In 2022, I thought a lot about poverty

Published on 19 December 2022

 

We’ve been hit with some unexpected expenses and my credit card bill is much higher than usual. I am sitting in Tesco car park sobbing. Choking. I can’t breathe. Sweat is quite literally pouring off me and I am shaking. 

I go to my bank app. Savings. I can clear this. As the shaking and sweat subsides I start to regulate my breathing. I’m fine. We’re fine.

Poverty never loosens its grip on you.

The past is always in front of me

When I was a child, we were poor. My father worked hard but he wasn't paid for a big job and wallop: we had no food. From that point on, we didn’t see Dad for years. At one point, according to my Mum, I saw Dad and asked: ‘Who is that man? Why is he in our house?’ He tried to stop working so much but couldn’t. No work, no food. So I grew up at Dad’s work – it was the only way we would see him. In time, things got better and we had money.

If you’ve never been poor, you might think poverty is just being hungry but that’s just a tiny part of it. My mental health took a battering and it’s a downward spiral that is now a lifelong fight to keep my head above water. The long-term health effects mean I am on a bunch of pills just to function.
 
 

Fast forward 20 years and I had a second go at poverty. I left an abusive relationship with very little and once again, I was hungry. I had to build everything from the ground up. Add stress to very little food and the result was that my hair fell out. Cuts and blisters didn’t heal. My skin hurt, flaked off and was red raw. Worst of all, my brain didn’t work. I couldn't make decisions and I was slower than normal. Brains work on calories and eating porridge twice a day isn’t enough.

Lasting effects

Just because something is over, doesn’t mean it is finished. I’ll give you a couple of examples.

My pantry

I have a pantry. A big ol’ cupboard rammed with food. And it is rammed. I can feed my family for about 2 months without replenishing if I had to. We wouldn't have the most nutritious meals but we wouldn’t be hungry.

For years, I couldn’t run out of anything. That pantry had to be constantly stocked. If I did run out, it would stay in my head until I had replenished what was missing. I would often drop everything and go to the shop to get more, even if it was something we didn’t use very much.  Some odd spice we use once a month? Can’t run out.

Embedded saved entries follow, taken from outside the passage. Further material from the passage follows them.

lemma Cauchy_of_dist_squared_le:
  fixes y :: "nat \<Rightarrow> 'a::metric_space"
  assumes a: "a \<longlonglongrightarrow> 0" and le: "\<And>m n. (dist (y m) (y n))\<^sup>2 \<le> a m + a n"
  shows "Cauchy y"
proof (rule metric_CauchyI)
  fix e :: real assume e: "e > 0"
  then have "eventually (\<lambda>n. a n < e\<^sup>2 / 2) sequentially"
    using order_tendstoD(2)[OF a, of "e\<^sup>2 / 2"] by simp
  then obtain N where N: "\<And>n. n \<ge> N \<Longrightarrow> a n < e\<^sup>2 / 2"
    unfolding eventually_sequentially by blast
  have "dist (y m) (y n) < e" if "m \<ge> N" "n \<ge> N" for m n
  proof -
    have "(dist (y m) (y n))\<^sup>2 < e\<^sup>2" using le[of m n] N[OF that(1)] N[OF that(2)] by linarith
    then show ?thesis using e by (simp add: power_less_imp_less_base)
  qed
  then show "\<exists>M. \<forall>m\<ge>M. \<forall>n\<ge>M. dist (y m) (y n) < e" by blast
qed

lemma sqdist_sum_has_minimizer:
  assumes cY: "complete Y" and geo: "geodesic_space Y" and cat: "CAT0 Y" and ne: "Y \<noteq> {}"
    and g: "g ` V \<subseteq> Y" and w: "\<And>c. c \<in> V \<Longrightarrow> w c \<ge> 0" and W: "sum w V > 0"
  shows "\<exists>b\<in>Y. \<forall>z\<in>Y. sqdist_sum V w g b \<le> sqdist_sum V w g z"
proof -
  define F where "F = sqdist_sum V w g"
  define I where "I = Inf (F ` Y)"
  have "bdd_below (F ` Y)" unfolding F_def
    by (rule bdd_belowI2[where m=0]) (rule sqdist_sum_nonneg, rule w)
  then have lower: "\<And>z. z \<in> Y \<Longrightarrow> I \<le> F z" unfolding I_def by (simp add: cInf_lower)
  define \<epsilon> :: "nat \<Rightarrow> real" where "\<epsilon> n = inverse (real (Suc n))" for n
  have "\<exists>y\<in>Y. F y < I + \<epsilon> n" for n
    using cInf_lessD[of "F ` Y" "I + \<epsilon> n"] ne by (auto simp: I_def \<epsilon>_def)
  then obtain y where y: "\<And>n. y n \<in> Y" "\<And>n. F (y n) < I + \<epsilon> n" by metis
  have "(\<lambda>n. 2 * \<epsilon> n / sum w V) \<longlonglongrightarrow> 2 * 0 / sum w V"
    unfolding \<epsilon>_def using W by (intro tendsto_intros LIMSEQ_inverse_real_of_nat) auto
  moreover have "(dist (y m) (y n))\<^sup>2 \<le> 2 * \<epsilon> m / sum w V + 2 * \<epsilon> n / sum w V" for m n
  proof -
    have "sum w V * (dist (y m) (y n))\<^sup>2 \<le> 2 * \<epsilon> m + 2 * \<epsilon> n"
      using sqdist_sum_dist_squared_le[where w=w and I=I, OF cat geo g w _ y(1)[of m] y(1)[of n]] lower y(2)[of m] y(2)[of n]
      unfolding F_def by fastforce
    then show ?thesis using W by (simp add: field_simps)
  qed
  ultimately have "Cauchy y" by (intro Cauchy_of_dist_squared_le) simp_all
  then obtain b where b: "b \<in> Y" and lim: "y \<longlonglongrightarrow> b"
    using cY y(1) unfolding complete_def by blast
  have "(\<lambda>n. F (y n)) \<longlonglongrightarrow> F b"
    unfolding F_def sqdist_sum_def by (intro tendsto_intros lim)
  moreover have "(\<lambda>n. I + \<epsilon> n) \<longlonglongrightarrow> I + 0"
    unfolding \<epsilon>_def by (intro tendsto_intros LIMSEQ_inverse_real_of_nat)
  ultimately have "F b \<le> I + 0"
    by (rule LIMSEQ_le) (use y(2) less_imp_le in blast)
  then show ?thesis using b lower unfolding F_def by force
qed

Going on holiday? Everything needs to be ready for when we are back and I spend the last 3 days of the holiday planning how to get fresh produce before we step in the door.

As we go through the clusterfuck that is the cost of living crisis, look around you. You’ll have to look really hard to see someone who is in poverty. Poverty comes with shame and people will hide it at all costs.
 
 

My body and mind

I get sick and hungry mixed up. They feel the same to me, even now. Recently, I spent 3 days thinking I had some stomach flu. I got sicker and sicker. Then I realised I had originally skipped a meal. I wasn’t ill, I was hungry. 

If you’ve never been poor, you might think poverty is just being hungry but that’s just a tiny  part of it. My mental health took a battering and it’s a downward spiral that is now a lifelong fight to keep my head above water. The long-term health effects mean I am on a bunch of pills just to function. I don’t have many memories and I can’t remember much without endless lists and notes.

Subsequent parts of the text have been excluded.